The U.S. Court of Appeals for the Fifth Circuit recently held that a Creditor Exclusion provision in D&O insurance coverage may result in significant limitations on the coverage provided to the D&Os, when the underlying dispute is with a creditor in its capacity as such.
In the case, a company defaulted on its obligations after refinancing its debt, and later filed for bankruptcy. In response, the lenders sued the owners and officers of the company (“the Verbeeks”) in Texas state court, alleging misrepresentation of the company’s financial condition. Once sued, the Verbeeks tendered the litigation to the insurer, Markel, pursuant to directors and officers (D&Os) coverage. Markel, in turn, denied having a duty to defend by citing a Creditor Exclusion provision in the policy denying liability for claims “on behalf of…any creditor” in its “capacity as such”.

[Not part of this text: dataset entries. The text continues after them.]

(* Let $N\ge1$. Let $f_{\mathrm{prod}}:\mathbb{N}^N\to\mathbb{N}$ be $f_{\mathrm{prod}}(\mathbf{s})=s_1s_2\cdots s_N$, and let $g:\mathbb{N}^N\to\mathbb{N}$ be the indicator function of $\{1,2\}^N=\{(s_1,\dots,s_N): s_i\in\{1,2\}\}$. Then for every integer $\ell>0$, $$c_{f_{\mathrm{prod}}}(\ell\mathbf{1})=c_g((2\ell-1)\mathbf{1}),$$ where $\mathbf{1}=(1,\dots,1)\in\mathbb{N}^N$.
   Context: $\mathbb{N}=\{0,1,2,\dots\}$. For $h:\mathbb{N}^N\to\mathbb{N}$ with $h(\mathbf{0})=0$, $k\ge0$ and $\mathbf{x}\in\mathbb{N}^N$, $\binom{k}{\mathbf{x}}_h=\sum_{\mathbf{m}_1+\cdots+\mathbf{m}_k=\mathbf{x}} h(\mathbf{m}_1)\cdots h(\mathbf{m}_k)$ over tuples of vectors in $\mathbb{N}^N$, and $c_h(\mathbf{x})=\sum_{k\ge0}\binom{k}{\mathbf{x}}_h$ (the number of $h$-weighted vector compositions of $\mathbf{x}$, where a part $\mathbf{m}$ can take one of $h(\mathbf{m})$ colors). *)

theory Defs
  imports "HOL-Analysis.Analysis"
begin

text \<open>Vectors in \<open>\<nat>^N\<close> are represented as functions \<open>nat \<Rightarrow> nat\<close> with coordinates
  \<open>0..N-1\<close>, vanishing at all indices \<open>\<ge> N\<close>.\<close>

definition vecs :: "nat \<Rightarrow> (nat \<Rightarrow> nat) set" where
  "vecs N = {v. \<forall>i\<ge>N. v i = 0}"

The court rejected the Verbeeks’ attempt to frame the issue as “peripheral to the debt”, i.e., one brought by the lenders as injured parties in a misrepresentation dispute (tort), and not in their capacity as creditors (on account of funded debt). Instead, the court ruled in favor of Markel, finding that the underlying litigation stemmed from the lenders’ “roles as defrauded creditors”, on which “the Creditor Exclusion bars coverage”. The discussion focused on the Capacity requirement, namely the circumstances upon which a dispute is coupled with a loan. It was stressed that “all damages originate from the loans the Verbeeks…[allegedly] fraudulently induced” the lenders to extend. The court also rejected the Verbeeks’ argument that the company’s confirmed liquidation plan somehow negates the lenders’ creditor capacity, since the complaint was filed prior to confirmation of the plan and capacity to sue is measured at the time the complaint is filed. In practice, D&Os should be vigilant in reviewing their company’s D&O policies to ensure that they provide meaningful coverage without buried exclusions that may negate coverage at times it is most required.